▸ **Task to carry out**
Word for word, transcribe the data below from the line with "probability of a" to the line with "A random restriction", keeping both of those lines.

▸ **Source information**

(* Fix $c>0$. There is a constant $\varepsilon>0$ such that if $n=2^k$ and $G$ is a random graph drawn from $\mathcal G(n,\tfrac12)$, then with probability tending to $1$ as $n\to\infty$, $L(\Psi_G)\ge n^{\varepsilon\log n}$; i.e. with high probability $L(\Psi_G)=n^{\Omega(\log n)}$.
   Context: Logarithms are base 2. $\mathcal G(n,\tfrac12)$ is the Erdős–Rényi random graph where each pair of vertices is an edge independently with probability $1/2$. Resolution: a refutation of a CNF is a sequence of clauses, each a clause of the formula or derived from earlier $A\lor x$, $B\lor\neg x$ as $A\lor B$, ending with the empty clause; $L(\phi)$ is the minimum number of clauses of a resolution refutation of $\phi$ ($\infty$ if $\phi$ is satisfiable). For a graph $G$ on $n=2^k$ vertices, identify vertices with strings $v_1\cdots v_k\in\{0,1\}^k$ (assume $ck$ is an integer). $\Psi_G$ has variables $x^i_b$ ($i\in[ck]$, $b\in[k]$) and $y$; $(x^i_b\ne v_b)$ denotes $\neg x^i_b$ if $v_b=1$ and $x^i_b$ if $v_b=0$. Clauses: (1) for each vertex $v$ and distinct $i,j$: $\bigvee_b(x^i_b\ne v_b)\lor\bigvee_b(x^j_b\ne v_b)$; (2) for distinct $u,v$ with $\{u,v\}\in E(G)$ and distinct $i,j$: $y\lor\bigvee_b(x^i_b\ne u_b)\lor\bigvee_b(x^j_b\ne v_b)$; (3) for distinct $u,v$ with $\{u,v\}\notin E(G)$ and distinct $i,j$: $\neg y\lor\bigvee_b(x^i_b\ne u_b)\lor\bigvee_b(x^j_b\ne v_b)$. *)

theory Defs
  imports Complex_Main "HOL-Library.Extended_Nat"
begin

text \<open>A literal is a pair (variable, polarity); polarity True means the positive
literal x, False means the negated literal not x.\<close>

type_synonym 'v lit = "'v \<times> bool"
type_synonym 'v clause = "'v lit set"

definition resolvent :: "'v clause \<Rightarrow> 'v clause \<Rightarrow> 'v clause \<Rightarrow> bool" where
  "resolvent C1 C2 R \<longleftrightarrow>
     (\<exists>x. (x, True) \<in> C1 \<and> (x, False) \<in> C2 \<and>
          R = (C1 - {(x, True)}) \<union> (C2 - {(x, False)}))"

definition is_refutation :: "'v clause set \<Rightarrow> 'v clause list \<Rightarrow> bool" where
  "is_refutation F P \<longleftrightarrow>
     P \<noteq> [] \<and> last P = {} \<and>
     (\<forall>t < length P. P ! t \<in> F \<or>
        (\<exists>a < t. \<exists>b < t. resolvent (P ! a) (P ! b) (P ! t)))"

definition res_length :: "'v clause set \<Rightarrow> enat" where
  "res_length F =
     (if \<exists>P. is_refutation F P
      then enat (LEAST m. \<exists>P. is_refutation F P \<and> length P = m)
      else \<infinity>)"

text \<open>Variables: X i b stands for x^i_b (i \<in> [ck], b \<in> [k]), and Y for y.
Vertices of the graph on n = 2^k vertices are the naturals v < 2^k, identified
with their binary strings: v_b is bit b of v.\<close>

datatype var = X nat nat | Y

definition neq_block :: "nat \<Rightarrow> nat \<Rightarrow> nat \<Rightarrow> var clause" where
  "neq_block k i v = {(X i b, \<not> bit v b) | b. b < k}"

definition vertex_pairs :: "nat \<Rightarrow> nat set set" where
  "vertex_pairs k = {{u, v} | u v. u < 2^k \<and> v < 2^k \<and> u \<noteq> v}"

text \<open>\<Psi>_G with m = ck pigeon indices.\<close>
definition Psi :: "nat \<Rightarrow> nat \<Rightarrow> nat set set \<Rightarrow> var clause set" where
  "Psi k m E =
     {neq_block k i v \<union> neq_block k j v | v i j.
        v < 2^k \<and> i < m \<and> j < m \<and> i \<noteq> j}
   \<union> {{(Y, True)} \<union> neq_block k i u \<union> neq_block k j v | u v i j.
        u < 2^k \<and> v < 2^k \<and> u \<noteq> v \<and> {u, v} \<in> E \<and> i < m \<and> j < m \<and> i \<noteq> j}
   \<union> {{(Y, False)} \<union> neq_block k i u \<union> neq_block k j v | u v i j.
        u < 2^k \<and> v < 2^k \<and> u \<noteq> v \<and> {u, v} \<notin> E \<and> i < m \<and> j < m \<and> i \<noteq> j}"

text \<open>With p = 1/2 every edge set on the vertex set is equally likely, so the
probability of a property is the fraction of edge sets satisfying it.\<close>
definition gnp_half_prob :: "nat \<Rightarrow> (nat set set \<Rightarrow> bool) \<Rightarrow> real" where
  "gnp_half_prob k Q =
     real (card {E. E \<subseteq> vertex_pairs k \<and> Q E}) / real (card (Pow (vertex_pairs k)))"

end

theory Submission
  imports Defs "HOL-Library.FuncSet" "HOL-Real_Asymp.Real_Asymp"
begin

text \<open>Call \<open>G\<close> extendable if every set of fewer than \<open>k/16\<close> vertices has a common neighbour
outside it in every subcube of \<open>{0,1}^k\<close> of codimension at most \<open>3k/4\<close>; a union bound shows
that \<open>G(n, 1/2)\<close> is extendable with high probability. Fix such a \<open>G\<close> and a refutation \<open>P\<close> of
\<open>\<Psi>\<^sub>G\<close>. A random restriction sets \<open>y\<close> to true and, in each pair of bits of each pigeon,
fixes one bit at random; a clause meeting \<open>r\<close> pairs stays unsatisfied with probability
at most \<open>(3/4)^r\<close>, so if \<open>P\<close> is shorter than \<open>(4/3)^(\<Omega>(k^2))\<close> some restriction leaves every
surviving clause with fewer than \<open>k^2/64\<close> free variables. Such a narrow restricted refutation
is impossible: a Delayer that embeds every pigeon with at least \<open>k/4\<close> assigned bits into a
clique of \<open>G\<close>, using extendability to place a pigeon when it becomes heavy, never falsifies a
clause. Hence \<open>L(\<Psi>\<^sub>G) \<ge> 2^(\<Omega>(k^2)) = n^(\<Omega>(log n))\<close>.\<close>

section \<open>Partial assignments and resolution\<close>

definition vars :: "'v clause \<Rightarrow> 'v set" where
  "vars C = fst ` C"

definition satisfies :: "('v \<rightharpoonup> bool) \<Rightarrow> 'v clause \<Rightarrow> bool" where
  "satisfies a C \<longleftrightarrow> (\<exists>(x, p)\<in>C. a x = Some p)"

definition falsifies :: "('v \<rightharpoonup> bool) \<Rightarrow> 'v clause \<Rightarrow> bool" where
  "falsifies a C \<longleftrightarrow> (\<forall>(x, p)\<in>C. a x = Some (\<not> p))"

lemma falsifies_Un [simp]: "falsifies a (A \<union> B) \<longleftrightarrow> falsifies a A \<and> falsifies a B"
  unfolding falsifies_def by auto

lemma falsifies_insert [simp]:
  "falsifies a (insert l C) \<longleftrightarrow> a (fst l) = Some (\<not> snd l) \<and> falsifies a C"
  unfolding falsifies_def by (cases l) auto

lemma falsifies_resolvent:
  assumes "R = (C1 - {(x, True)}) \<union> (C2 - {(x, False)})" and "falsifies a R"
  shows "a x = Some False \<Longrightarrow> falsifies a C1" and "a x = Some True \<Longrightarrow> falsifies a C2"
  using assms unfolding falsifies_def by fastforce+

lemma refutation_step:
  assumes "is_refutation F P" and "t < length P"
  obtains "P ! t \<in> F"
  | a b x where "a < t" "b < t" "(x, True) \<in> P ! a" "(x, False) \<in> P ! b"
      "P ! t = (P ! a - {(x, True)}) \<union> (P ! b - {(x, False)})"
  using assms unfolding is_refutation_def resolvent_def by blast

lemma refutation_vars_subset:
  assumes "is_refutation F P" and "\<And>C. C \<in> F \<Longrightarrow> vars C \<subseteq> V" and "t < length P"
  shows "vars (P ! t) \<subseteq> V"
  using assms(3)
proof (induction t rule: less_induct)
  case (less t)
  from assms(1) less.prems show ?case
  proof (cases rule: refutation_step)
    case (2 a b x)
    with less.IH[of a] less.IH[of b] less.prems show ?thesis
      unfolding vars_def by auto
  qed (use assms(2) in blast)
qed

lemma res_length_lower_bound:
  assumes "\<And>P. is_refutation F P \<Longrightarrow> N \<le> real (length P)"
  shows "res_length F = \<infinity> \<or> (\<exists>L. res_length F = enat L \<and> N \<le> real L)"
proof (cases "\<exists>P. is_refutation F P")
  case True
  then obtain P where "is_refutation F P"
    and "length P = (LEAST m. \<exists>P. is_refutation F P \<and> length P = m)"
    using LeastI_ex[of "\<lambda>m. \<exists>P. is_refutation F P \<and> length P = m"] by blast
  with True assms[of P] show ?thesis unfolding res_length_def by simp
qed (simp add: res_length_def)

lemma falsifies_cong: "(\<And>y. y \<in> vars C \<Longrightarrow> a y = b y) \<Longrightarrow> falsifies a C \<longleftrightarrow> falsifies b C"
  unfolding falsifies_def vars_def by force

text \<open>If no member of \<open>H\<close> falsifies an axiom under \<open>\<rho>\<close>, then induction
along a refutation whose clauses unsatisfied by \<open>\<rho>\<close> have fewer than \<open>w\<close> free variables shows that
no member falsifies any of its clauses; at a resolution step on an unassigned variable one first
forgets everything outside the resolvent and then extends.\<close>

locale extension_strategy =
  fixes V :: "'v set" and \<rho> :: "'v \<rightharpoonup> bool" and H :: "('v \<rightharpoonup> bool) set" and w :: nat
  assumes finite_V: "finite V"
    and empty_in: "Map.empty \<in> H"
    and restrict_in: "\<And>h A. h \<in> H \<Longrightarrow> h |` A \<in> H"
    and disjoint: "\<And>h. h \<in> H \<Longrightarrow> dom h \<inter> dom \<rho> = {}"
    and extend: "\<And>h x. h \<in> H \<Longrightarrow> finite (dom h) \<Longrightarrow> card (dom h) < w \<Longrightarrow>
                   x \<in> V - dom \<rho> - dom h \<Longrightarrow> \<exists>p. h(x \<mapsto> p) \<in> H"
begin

▸ **Reply**
probability of a property is the fraction of edge sets satisfying it.\<close>
definition gnp_half_prob :: "nat \<Rightarrow> (nat set set \<Rightarrow> bool) \<Rightarrow> real" where
  "gnp_half_prob k Q =
     real (card {E. E \<subseteq> vertex_pairs k \<and> Q E}) / real (card (Pow (vertex_pairs k)))"

end

theory Submission
  imports Defs "HOL-Library.FuncSet" "HOL-Real_Asymp.Real_Asymp"
begin

text \<open>Call \<open>G\<close> extendable if every set of fewer than \<open>k/16\<close> vertices has a common neighbour
outside it in every subcube of \<open>{0,1}^k\<close> of codimension at most \<open>3k/4\<close>; a union bound shows
that \<open>G(n, 1/2)\<close> is extendable with high probability. Fix such a \<open>G\<close> and a refutation \<open>P\<close> of
\<open>\<Psi>\<^sub>G\<close>. A random restriction sets \<open>y\<close> to true and, in each pair of bits of each pigeon,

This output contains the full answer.